E.g. with the following srun command, I see the following values for all tasks:

srun -K --partition=RTXA6000 --nodes=1 --ntasks=4 --gpus-per-task=1 --gpu-bind=none --cpus-per-task=8 test.sh

CUDA_VISIBLE_DEVICES=1,2,3
GPU_DEVICE_ORDINAL=1,2,3
SLURM_STEP_GPUS=2,3,7

As you can see, the local device 0 (GPU 1 on the host) is missing from the listings. However, as mentioned before, in this case device 3 (GPU 7) cannot be accessed.

If I remove --gpu-bind=none, then all tasks can access exactly 1 GPU, and they are all different. We don't want to use this config, though, as it interferes with NCCL.

Finally, simply specifying 4 GPUs and 4 tasks works as expected:

srun -K --partition=RTXA6000 --nodes=1 --ntasks=4 --gpus=4 --cpus-per-task=8 test.sh

CUDA_VISIBLE_DEVICES=0,1,2,3
GPU_DEVICE_ORDINAL=0,1,2,3
SLURM_STEP_GPUS=1,2,3,7


Weirdly, nvidia-smi still lists the correct GPUs in all cases (either all 4 or just 1). I cross-referenced the PCI-IDs with the GPU IDX reported by scontrol to confirm it.

For completeness, here is the gres.conf for this machine. I'm attaching an excerpt of the slurmd.log that spans 3 jobs with the mentioned commands. I'll also attach the slurm.conf in a comment.

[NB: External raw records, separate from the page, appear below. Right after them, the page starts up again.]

lemma congruence_ext_ops_kernel:
  assumes "state_morphism ar A f \<tau>" and "congruence ar A f \<phi>"
  shows "congruence (ext_ar ar) A (ext_ops f \<tau>) (\<phi> \<inter> inv_image \<phi> \<tau>)"
proof -
  have alg: "algebra ar A f" and hom: "hom ar A f A f \<tau>" and idem: "\<And>x. x \<in> A \<Longrightarrow> \<tau> (\<tau> x) = \<tau> x"
    using assms(1) unfolding state_morphism_def by blast+
  have "\<phi> \<subseteq> A \<times> A"
    using assms(2) unfolding congruence_def by (blast dest: equiv_type)
  then have "\<phi> \<inter> inv_image \<phi> \<tau> = \<Inter>{\<phi>, inv_image \<phi> \<tau> \<inter> A \<times> A}"
    by blast
  moreover have "congruence ar A f (\<Inter>{\<phi>, inv_image \<phi> \<tau> \<inter> A \<times> A})"
    using assms(2) congruence_inv_image[OF alg hom assms(2)] by (intro congruence_Inter) auto
  moreover have "(\<tau> x, \<tau> y) \<in> \<phi> \<inter> inv_image \<phi> \<tau>" if "(x, y) \<in> \<phi> \<inter> inv_image \<phi> \<tau>" for x y
    using that idem \<open>\<phi> \<subseteq> A \<times> A\<close> by auto
  ultimately show ?thesis
    unfolding congruence_ext_ops_iff by auto
qed

lemma sm_embedding_diag_quotient:
  assumes sm: "state_morphism ar A f \<tau>" and cong: "congruence ar A f \<phi>"
    and kernel: "\<phi> \<inter> inv_image \<phi> \<tau> = Id_on A"
  shows "sm_embedding ar A f \<tau> (A // \<phi> \<times> A // \<phi>) (prod_ops (quotient_ops \<phi> f)) diag_tau
           (\<lambda>x. (\<phi> `` {\<tau> x}, \<phi> `` {x}))"
proof -
  have alg: "algebra ar A f" and hom: "hom ar A f A f \<tau>" and idem: "\<And>x. x \<in> A \<Longrightarrow> \<tau> (\<tau> x) = \<tau> x"
    using sm unfolding state_morphism_def by blast+
  let ?h = "\<lambda>x. (\<phi> `` {\<tau> x}, \<phi> `` {x})"
  have "inj_on ?h A"
  proof (rule inj_onI)
    fix x y assume "x \<in> A" "y \<in> A" "?h x = ?h y"
    then have "(x, y) \<in> \<phi> \<inter> inv_image \<phi> \<tau>"
      using cong hom unfolding congruence_def hom_def by (auto simp: eq_equiv_class_iff)
    then show "x = y"
      using kernel by auto
  qed
  moreover have "hom ar A f (A // \<phi> \<times> A // \<phi>) (prod_ops (quotient_ops \<phi> f)) ?h"
    using hom_pair_prod_ops[OF hom_comp[OF hom] hom_quotient[OF alg cong]] hom_quotient[OF alg cong]
    by (simp add: comp_def)
  ultimately show ?thesis
    using idem unfolding sm_embedding_def diag_tau_def by simp
qed
section \<open>Phase retrieval\<close>

lemma autocorr_AE_eq_if_STFT_norm_eq:
  fixes \<phi> f g :: "real \<Rightarrow> complex"
  assumes \<phi>: "\<phi> \<in> L2"
    and amb: "AE y in lborel. y \<in> {-2*B<..<2*B} \<longrightarrow> ambiguity \<phi> y 0 \<noteq> 0"
    and f: "f \<in> L2" "\<And>t. B < \<bar>t\<bar> \<Longrightarrow> f t = 0"
    and g: "g \<in> L2" "\<And>t. B < \<bar>t\<bar> \<Longrightarrow> g t = 0"
    and eq: "\<And>x \<omega>. norm (STFT \<phi> f x \<omega>) = norm (STFT \<phi> g x \<omega>)"
  shows "AE y in lborel. autocorr f y = autocorr g y"
  using autocorr_mult_ambiguity_AE_eq[OF f(1) g(1) \<phi> eq] amb
    AE_lborel_singleton[of "2 * B"] AE_lborel_singleton[of "- 2 * B"]
proof eventually_elim
  case (elim y)
  show ?case
  proof (cases "2 * B < \<bar>y\<bar>")
    case True
    then show ?thesis
      using autocorr_eq_0_outside[OF f(2)] autocorr_eq_0_outside[OF g(2)] by simp
  next
    case False
    then have "ambiguity \<phi> y 0 \<noteq> 0"
      using elim by auto
    then show ?thesis
      using elim(1) by simp
  qed
qed

lemma conj_symmetric_representative:
  fixes f :: "real \<Rightarrow> complex"
  assumes f: "f \<in> L2"
    and even: "AE t in lborel. f (- t) = f t"
    and real: "AE t in lborel. f t \<in> \<real>"
    and supp: "AE t in lborel. t \<notin> {-B..B} \<longrightarrow> f t = 0"
  obtains f' where "f' \<in> L2" "\<And>t. f' (- t) = cnj (f' t)" "\<And>t. B < \<bar>t\<bar> \<Longrightarrow> f' t = 0"
    "AE t in lborel. f t = f' t"
proof -
  have [measurable]: "f \<in> borel_measurable borel"
    using f by (rule L2_borel_measurable)
  define f' where "f' t = (if \<bar>t\<bar> \<le> B then (f t + cnj (f (- t))) / 2 else 0)" for t
  have sym: "f' (- t) = cnj (f' t)" for t
    unfolding f'_def by (simp add: add.commute)
  have supp': "B < \<bar>t\<bar> \<Longrightarrow> f' t = 0" for t
    unfolding f'_def by simp
  have ae: "AE t in lborel. f t = f' t"
    using even real supp
  proof eventually_elim
    case (elim t)
    then show ?case
      unfolding f'_def by (auto simp: Reals_cnj_iff field_simps)
  qed
  have "integrable lborel (\<lambda>t. (norm (f' t))\<^sup>2)"
    using f ae unfolding L2_def f'_def
    by (subst integrable_cong_AE[where g = "\<lambda>t. (norm (f t))\<^sup>2"]) auto
  then have "f' \<in> L2"
    unfolding L2_def f'_def by simp
  from this sym supp' ae show ?thesis
    by (rule that)
qed

lemma STFT_norm_eq_iff_AE_eq_or_neg:
  fixes \<phi> f g :: "real \<Rightarrow> complex"
  assumes \<phi>: "\<phi> \<in> L2"
    and amb: "AE y in lborel. y \<in> {-2*B<..<2*B} \<longrightarrow> ambiguity \<phi> y 0 \<noteq> 0"
    and f: "f \<in> L2" "\<And>t. f (- t) = cnj (f t)" "\<And>t. B < \<bar>t\<bar> \<Longrightarrow> f t = 0"
    and g: "g \<in> L2" "\<And>t. g (- t) = cnj (g t)" "\<And>t. B < \<bar>t\<bar> \<Longrightarrow> g t = 0"
  shows "((AE t in lborel. f t = g t) \<or> (AE t in lborel. f t = - g t))
     \<longleftrightarrow> (\<forall>x \<omega>. norm (STFT \<phi> f x \<omega>) = norm (STFT \<phi> g x \<omega>))"
proof
  have [measurable]: "f \<in> borel_measurable borel" "g \<in> borel_measurable borel"
    "\<phi> \<in> borel_measurable borel"
    using \<phi> f(1) g(1) by (simp_all add: L2_borel_measurable)
  assume "(AE t in lborel. f t = g t) \<or> (AE t in lborel. f t = - g t)"
  then have "STFT \<phi> f x \<omega> = STFT \<phi> g x \<omega> \<or> STFT \<phi> f x \<omega> = STFT \<phi> (\<lambda>t. - g t) x \<omega>" for x \<omega>
    by (auto intro: STFT_cong_AE)
  then show "\<forall>x \<omega>. norm (STFT \<phi> f x \<omega>) = norm (STFT \<phi> g x \<omega>)"
    by (metis STFT_uminus norm_minus_cancel)
next
  assume "\<forall>x \<omega>. norm (STFT \<phi> f x \<omega>) = norm (STFT \<phi> g x \<omega>)"
  then have "AE y in lborel. autocorr f y = autocorr g y"
    using autocorr_AE_eq_if_STFT_norm_eq[OF \<phi> amb f(1,3) g(1,3)] by simp
  then show "(AE t in lborel. f t = g t) \<or> (AE t in lborel. f t = - g t)"
    using f g by (intro AE_eq_or_neg_if_autocorr_AE_eq integrable_if_L2_bounded_support)
qed
lemma card_3_sorted:
  fixes Z :: "real set"
  assumes "card Z = 3"
  obtains a b c where "a < b" "b < c" "Z = {a, b, c}"
proof -
  obtain x y z where Z: "Z = {x, y, z}" "x \<noteq> y" "y \<noteq> z" "x \<noteq> z"
    using assms unfolding card_3_iff by blast
  then have "x < y \<and> y < z \<or> x < z \<and> z < y \<or> y < x \<and> x < z \<or> y < z \<and> z < x
    \<or> z < x \<and> x < y \<or> z < y \<and> y < x" by linarith
  then show ?thesis using that Z(1) by (elim disjE) (metis, (metis insert_commute)+)
qed

lemma UNIV_bool_pair_not_subset_3: "\<not> (UNIV :: (bool \<times> bool) set) \<subseteq> {x, y, z}"
proof
  assume "UNIV \<subseteq> {x, y, z}"
  then have "card (UNIV :: (bool \<times> bool) set) \<le> card (set [x, y, z])" by (intro card_mono) auto
  also have "\<dots> \<le> 3" using card_length[of "[x, y, z]"] by simp
  finally show False by simp
qed

lemma UNIV_bool_pair_subset_4_distinct:
  assumes "(UNIV :: (bool \<times> bool) set) \<subseteq> {w, x, y, z}"
  shows "distinct [w, x, y, z]"
proof (rule card_distinct)
  have "card (UNIV :: (bool \<times> bool) set) \<le> card (set [w, x, y, z])"
    using assms by (intro card_mono) auto
  then show "card (set [w, x, y, z]) = length [w, x, y, z]"
    using card_length[of "[w, x, y, z]"] by simp
qed

lemma alternating_crossings:
  fixes P0 P1 P2 P3 :: "bool \<times> bool"
  assumes "distinct [P0, P1, P2, P3]"
    and "F1 \<Longrightarrow> snd P0 = snd P1" "\<not> F1 \<Longrightarrow> fst P0 = fst P1"
    and "F2 \<Longrightarrow> snd P1 = snd P2" "\<not> F2 \<Longrightarrow> fst P1 = fst P2"
    and "F3 \<Longrightarrow> snd P2 = snd P3" "\<not> F3 \<Longrightarrow> fst P2 = fst P3"
  shows "F3 = F1 \<and> F2 = (\<not> F1)"
  using assms by (cases P0; cases P1; cases P2; cases P3) auto

lemma partition_of_three:
  assumes "A \<union> B = {x, y, z}" "A \<inter> B = {}" "z \<in> A \<longleftrightarrow> x \<in> A" "y \<in> A \<longleftrightarrow> x \<notin> A"
  shows "A = {x, z} \<and> B = {y} \<or> A = {y} \<and> B = {x, z}"
proof (cases "x \<in> A")
  case True
  then have "A = {x, z} \<and> B = {y}" using assms by auto
  then show ?thesis ..
next
  case False
  then have "A = {y} \<and> B = {x, z}" using assms by auto
  then show ?thesis ..
qed

definition on_side :: "bool \<Rightarrow> real \<Rightarrow> bool" where
  "on_side p x \<longleftrightarrow> (if p then 0 \<le> x else x \<le> 0)"

definition quartile :: "real \<Rightarrow> real \<Rightarrow> nat \<Rightarrow> real" where
  "quartile lo hi k = lo + real k * (hi - lo) / 4"

lemma quartiles_ordered:
  assumes "lo < hi"
  shows "lo < quartile lo hi 1" "quartile lo hi 1 < quartile lo hi 2"
    "quartile lo hi 2 < quartile lo hi 3" "quartile lo hi 3 < hi"
  using assms by (simp_all add: quartile_def field_simps)

lemma quartile_in_interval:
  assumes "lo < hi" "0 < k" "k < 4"
  shows "quartile lo hi k \<in> {lo<..<hi}"
proof -
  have "0 < real k * (hi - lo)" "real k * (hi - lo) < 4 * (hi - lo)"
    using assms by (simp, intro mult_strict_right_mono) auto
  then show ?thesis by (simp add: quartile_def)
qed

lemma quartile_eq_iff: "lo < hi \<Longrightarrow> quartile lo hi k = quartile lo hi k' \<longleftrightarrow> k = k'"
  by (auto simp: quartile_def)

Name=gpu File=/dev/nvidia3 Cores=0-23
Name=gpu File=/dev/nvidia2 Cores=0-23
Name=gpu File=/dev/nvidia1 Cores=0-23
Name=gpu File=/dev/nvidia0 Cores=0-23
Name=gpu File=/dev/nvidia7 Cores=24-47
Name=gpu File=/dev/nvidia6 Cores=24-47
Name=gpu File=/dev/nvidia5 Cores=24-47
Name=gpu File=/dev/nvidia4 Cores=24-47

(This is a slightly weird machine, the odd ordering of the GPUs makes them line up with nvidia-smi and our monitoring)
Comment 1 Joachim Folz 2024-01-23 11:20:49 MST
Created attachment 34258 [details]
slurm.conf used for testing
Comment 2 Joachim Folz 2024-01-23 11:21:43 MST
Created attachment 34259 [details]
Output of test jobs in case I missed something
Comment 3 Joachim Folz 2024-01-24 04:59:52 MST
The issue persists after upgrading to 23.11.2.
Comment 4 Joachim Folz 2024-01-24 05:01:16 MST
The issue persists after upgrading to 23.11.2.